Stored data:
::::::::::

lemma bump_deriv_has_derivative_inside:
  assumes "0 < x" "x < 1"
  shows "(bump_deriv k has_real_derivative bump_deriv (Suc k) x) (at x)"
proof -
  have q: "poly bump_quad x \<noteq> 0" using assms by simp
  have "2 * Suc k = 2 * k + 2" by simp
  then have "((\<lambda>x. poly (bump_numer k) x / poly bump_quad x ^ (2 * k) * exp (-1 / poly bump_quad x))
      has_real_derivative poly (bump_numer (Suc k)) x / poly bump_quad x ^ (2 * Suc k)
        * exp (-1 / poly bump_quad x)) (at x)"
    using has_real_derivative_poly_div_power_exp[OF poly_DERIV poly_DERIV q, of "bump_numer k" "2 * k"]
    by (simp add: algebra_simps)
  then have "((\<lambda>x. poly (bump_numer k) x / poly bump_quad x ^ (2 * k) * exp (-1 / poly bump_quad x))
      has_real_derivative bump_deriv (Suc k) x) (at x)"
    using assms by (simp add: bump_deriv_def)
  then show ?thesis
    by (rule has_field_derivative_transform_within_open[where S = "{0<..<1}"])
       (use assms in \<open>auto simp: bump_deriv_def\<close>)
qed

lemma tendsto_mult_power_exp_neg_zero:
  fixes r c :: "'a \<Rightarrow> real"
  assumes "filterlim r at_top F" and "(c \<longlongrightarrow> l) F"
  shows "((\<lambda>h. c h * (r h ^ N * exp (- r h))) \<longlongrightarrow> 0) F"
proof -
  have "((\<lambda>t::real. t ^ N * exp (- t)) \<longlongrightarrow> 0) at_top"
    using tendsto_power_div_exp_0[of N] by (simp add: exp_minus field_simps)
  from tendsto_mult[OF assms(2) filterlim_compose[OF this assms(1)]] show ?thesis
    by simp
qed

text \<open>At the end points the difference quotients of \<open>bump_deriv k\<close> have the form
  \<open>c h * r ^ (2 k + 1) * exp (- r)\<close> with \<open>r = 1 / q\<close> tending to infinity.\<close>
lemma bump_deriv_flat_at_0: "((\<lambda>h. bump_deriv k h / h) \<longlongrightarrow> 0) (at_right 0)"
proof (rule Lim_transform_eventually)
  have "filterlim (\<lambda>h::real. 1 / (h * (1 - h))) at_top (at_right 0)"
    by real_asymp
  then show "((\<lambda>h. (poly (bump_numer k) h * (1 - h)) *
               ((1 / (h * (1 - h))) ^ (2 * k + 1) * exp (- (1 / (h * (1 - h)))))) \<longlongrightarrow> 0) (at_right 0)"
    by (rule tendsto_mult_power_exp_neg_zero[where l = "poly (bump_numer k) 0"])
       (auto intro!: tendsto_eq_intros)
  show "\<forall>\<^sub>F h in at_right 0. poly (bump_numer k) h * (1 - h) *
               ((1 / (h * (1 - h))) ^ (2 * k + 1) * exp (- (1 / (h * (1 - h))))) = bump_deriv k h / h"
    by (rule eventually_mono[OF eventually_at_right_real[of 0 1]]) (auto simp: bump_deriv_def field_simps)
qed

lemma bump_deriv_flat_at_1: "((\<lambda>h. bump_deriv k (1 + h) / h) \<longlongrightarrow> 0) (at_left 0)"
proof (rule Lim_transform_eventually)
  have "filterlim (\<lambda>h::real. 1 / ((1 + h) * (- h))) at_top (at_left 0)"
    by real_asymp
  then show "((\<lambda>h. (- poly (bump_numer k) (1 + h) * (1 + h)) *
               ((1 / ((1 + h) * (- h))) ^ (2 * k + 1) * exp (- (1 / ((1 + h) * (- h)))))) \<longlongrightarrow> 0) (at_left 0)"
    by (rule tendsto_mult_power_exp_neg_zero[where l = "- poly (bump_numer k) 1"])
       (auto intro!: tendsto_eq_intros)
  show "\<forall>\<^sub>F h in at_left 0. - poly (bump_numer k) (1 + h) * (1 + h) *
               ((1 / ((1 + h) * (- h))) ^ (2 * k + 1) * exp (- (1 / ((1 + h) * (- h))))) =
             bump_deriv k (1 + h) / h"
  proof (rule eventually_mono[OF eventually_at_left_real[of "-1" 0]])
    fix h :: real
    assume "h \<in> {-1<..<0}"
    then have h: "-1 < h" "h < 0" by auto
    define q where "q = (1 + h) * (- h)"
    have q: "q > 0" using h unfolding q_def by (intro mult_pos_pos) auto
    have "bump_deriv k (1 + h) = poly (bump_numer k) (1 + h) * ((1 / q) ^ (2 * k) * exp (- (1 / q)))"
      using h by (simp add: bump_deriv_def q_def power_one_over)
    moreover have "(1 + h) * (1 / q) = - 1 / h"
      using h q by (simp add: q_def divide_simps)
    moreover have "- poly (bump_numer k) (1 + h) * (1 + h) * ((1 / q) ^ (2 * k + 1) * exp (- (1 / q)))
        = - poly (bump_numer k) (1 + h) * ((1 + h) * (1 / q)) * ((1 / q) ^ (2 * k) * exp (- (1 / q)))"
      by (simp only: power_add power_one_right mult_ac)
    ultimately have "- poly (bump_numer k) (1 + h) * (1 + h) * ((1 / q) ^ (2 * k + 1) * exp (- (1 / q)))
        = bump_deriv k (1 + h) / h"
      by simp
    then show "- poly (bump_numer k) (1 + h) * (1 + h) *
        ((1 / ((1 + h) * (- h))) ^ (2 * k + 1) * exp (- (1 / ((1 + h) * (- h))))) = bump_deriv k (1 + h) / h"
      by (simp add: q_def)
  qed simp
qed

lemma bump_deriv_has_derivative: "(bump_deriv k has_real_derivative bump_deriv (Suc k) x) (at x)"
proof -
  have outside: "bump_deriv j y = 0" if "y \<le> 0 \<or> 1 \<le> y" for j y
    using that by (auto simp: bump_deriv_def)
  have vanishing_near: "(bump_deriv k has_real_derivative 0) (at x)" if "open S" "x \<in> S"
    and "S \<inter> {0<..<1} = {}" for S
    by (rule has_field_derivative_transform_within_open[OF DERIV_const[of 0] that(1,2)])
       (metis disjoint_iff greaterThanLessThan_iff not_le outside that(3))
  consider "0 < x \<and> x < 1" | "x < 0" | "x > 1" | "x = 0" | "x = 1" by linarith
  then show ?thesis
  proof cases
    case 1
    then show ?thesis by (simp add: bump_deriv_has_derivative_inside)
  next
    case 2
    then show ?thesis using outside[of x] by (auto intro: vanishing_near[of "{..<0}"])
  next
    case 3
    then show ?thesis using outside[of x] by (auto intro: vanishing_near[of "{1<..}"])
  next
    case 4
    have "((\<lambda>h. bump_deriv k h / h) \<longlongrightarrow> 0) (at_left 0)"
    proof (rule Lim_transform_eventually[OF tendsto_const])
      show "\<forall>\<^sub>F h in at_left 0. 0 = bump_deriv k h / h"
        by (rule eventually_mono[OF eventually_at_left_real[of "-1"]]) (simp_all add: outside)
    qed
    with bump_deriv_flat_at_0 show ?thesis
      using 4 filterlim_split_at by (fastforce simp: DERIV_def outside)
  next
    case 5
    have "((\<lambda>h. bump_deriv k (1 + h) / h) \<longlongrightarrow> 0) (at_right 0)"
    proof (rule Lim_transform_eventually[OF tendsto_const])
      show "\<forall>\<^sub>F h in at_right 0. 0 = bump_deriv k (1 + h) / h"
        by (rule eventually_mono[OF eventually_at_right_real[of 0 1]]) (simp_all add: outside)
    qed
    with bump_deriv_flat_at_1 show ?thesis
      using 5 filterlim_split_at by (fastforce simp: DERIV_def outside)
  qed
qed

lemma smooth_bump: "smooth (bump_deriv 0)"
  by (rule smoothI[where D = bump_deriv]) (auto intro: bump_deriv_has_derivative)

lemma bump_eq: "bump_deriv 0 x = (if 0 < x \<and> x < 1 then exp (-1 / (x * (1 - x))) else 0)"
  by (simp add: bump_deriv_def)

lemma integral_eq_0_if_vanishing: "(\<And>x. x \<in> S \<Longrightarrow> f x = 0) \<Longrightarrow> integral S f = (0::real)"
  by (metis (mono_tags, lifting) integral_0 integral_cong)

lemma integral_from_has_real_derivative:
  fixes f :: "real \<Rightarrow> real"
  assumes cont: "continuous_on UNIV f" and vanish: "\<And>x. x \<le> A \<Longrightarrow> f x = 0"
  shows "((\<lambda>x. integral {A..x} f) has_real_derivative f t) (at t)"
proof -
  define L where "L = min A t - 1"
  have int: "f integrable_on {a..b}" for a b
    by (rule integrable_continuous_real) (rule continuous_on_subset[OF cont], simp)
  have shift: "integral {A..x} f = integral {L..x} f" for x
  proof (cases "x < A")
    case True
    then have "integral {L..x} f = 0" by (intro integral_eq_0_if_vanishing) (simp add: vanish)
    with True show ?thesis by simp
  next
    case False
    then have "integral {L..A} f + integral {A..x} f = integral {L..x} f"
      by (intro Henstock_Kurzweil_Integration.integral_combine int) (auto simp: L_def)
    moreover have "integral {L..A} f = 0" by (intro integral_eq_0_if_vanishing) (simp add: vanish)
    ultimately show ?thesis by simp
  qed
  have "((\<lambda>x. integral {L..x} f) has_real_derivative f t) (at t within {L..t+1})"
    by (rule integral_has_real_derivative) (auto simp: L_def intro: continuous_on_subset[OF cont])
  moreover have "at t within {L..t+1} = at t" by (rule at_within_Icc_at) (auto simp: L_def)
  ultimately show ?thesis unfolding shift by simp
qed

lemma continuous_compact_support_integrable:
  fixes f :: "real \<Rightarrow> real"
  assumes cont: "continuous_on UNIV f" and vanish: "\<And>x. x \<notin> {A..B} \<Longrightarrow> f x = 0"
  shows "integrable lborel f" and "integral\<^sup>L lborel f = integral {A..B} f"
proof -
  have int: "set_integrable lborel {A..B} f"
    by (rule borel_integrable_atLeastAtMost') (rule continuous_on_subset[OF cont], simp)
  have eq: "(\<lambda>x. indicator {A..B} x *\<^sub>R f x) = f"
    using vanish by (auto simp: fun_eq_iff indicator_def)
  show "integrable lborel f" using int unfolding set_integrable_def eq .
  show "integral\<^sup>L lborel f = integral {A..B} f"
    using set_borel_integral_eq_integral(2)[OF int] unfolding set_lebesgue_integral_def eq .
qed
lemma H2_opnorm_bound:
  assumes bdd: "bounded_on_H2 T"
    and hom: "\<And>f c z. f \<in> H2 \<Longrightarrow> z \<in> ball 0 1 \<Longrightarrow> T (\<lambda>z. c * f z) z = c * T f z"
  shows "0 \<le> H2_opnorm T" "\<And>f. f \<in> H2 \<Longrightarrow> H2_norm (T f) \<le> H2_opnorm T * H2_norm f"
proof -
  obtain C where TH: "\<And>f. f \<in> H2 \<Longrightarrow> T f \<in> H2"
    and TC: "\<And>f. f \<in> H2 \<Longrightarrow> H2_norm (T f) \<le> C * H2_norm f"
    using bdd unfolding bounded_on_H2_def by blast
  have "bdd_above {H2_norm (T f) | f. f \<in> H2 \<and> H2_norm f \<le> 1}"
  proof (rule bdd_aboveI)
    fix x assume "x \<in> {H2_norm (T f) | f. f \<in> H2 \<and> H2_norm f \<le> 1}"
    then obtain f where f: "f \<in> H2" "H2_norm f \<le> 1" and x: "x = H2_norm (T f)" by blast
    have "C * H2_norm f \<le> max C 0 * H2_norm f"
      using H2_norm_nonneg[OF f(1)] by (intro mult_right_mono) auto
    also have "\<dots> \<le> max C 0"
      using f H2_norm_nonneg[OF f(1)] by (intro mult_left_le) auto
    finally show "x \<le> max C 0" using TC[OF f(1)] x by simp
  qed
  then have unit_ball: "H2_norm (T f) \<le> H2_opnorm T" if "f \<in> H2" "H2_norm f \<le> 1" for f
    unfolding H2_opnorm_def using that by (intro cSup_upper) auto
  have "(\<lambda>z. 0 * 1) \<in> H2" "H2_norm (\<lambda>z. 0 * 1) \<le> 0 * H2_norm (\<lambda>z. 1)"
    using H2_mult_bounded[OF H2_const, of "\<lambda>z. 0" 0] by simp_all
  then have zero: "(\<lambda>z. 0) \<in> H2" "H2_norm (\<lambda>z. 0) \<le> 1" by simp_all
  show "0 \<le> H2_opnorm T"
    using unit_ball[OF zero] H2_norm_nonneg[OF TH[OF zero(1)]] by simp
  fix f assume f: "f \<in> H2"
  show "H2_norm (T f) \<le> H2_opnorm T * H2_norm f"
  proof (cases "H2_norm f = 0")
    case True
    then show ?thesis using TC[OF f] by simp
  next
    case False
    define N where "N = H2_norm f"
    have N: "0 < N" using False H2_norm_nonneg[OF f] unfolding N_def by simp
    define g where "g = (\<lambda>z. of_real (1 / N) * f z)"
    have g: "g \<in> H2" "H2_norm g \<le> 1"
      using H2_mult_bounded[OF f, of "\<lambda>z. of_real (1 / N)" "1 / N"] N
      unfolding g_def N_def by (auto simp: norm_divide)
    have "T f z = of_real N * T g z" if "z \<in> ball 0 1" for z
      using hom[OF f that, of "of_real (1 / N)"] N unfolding g_def[symmetric] by simp
    then have "H2_norm (T f) = H2_norm (\<lambda>z. of_real N * T g z)"
      by (rule H2_norm_cong)
    also have "\<dots> \<le> N * H2_norm (T g)"
      using H2_mult_bounded[OF TH[OF g(1)], of "\<lambda>z. of_real N" N] N by simp
    also have "\<dots> \<le> N * H2_opnorm T"
      using unit_ball[OF g] N by simp
    finally show ?thesis unfolding N_def by (simp add: mult.commute)
  qed
qed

::::::::::

> **What to work on**
Wherever the string "blast" occurs in the data, copy the line that holds it.

> **Completed task**
    using bdd unfolding bounded_on_H2_def by blast
    then obtain f where f: "f \<in> H2" "H2_norm f \<le> 1" and x: "x = H2_norm (T f)" by blast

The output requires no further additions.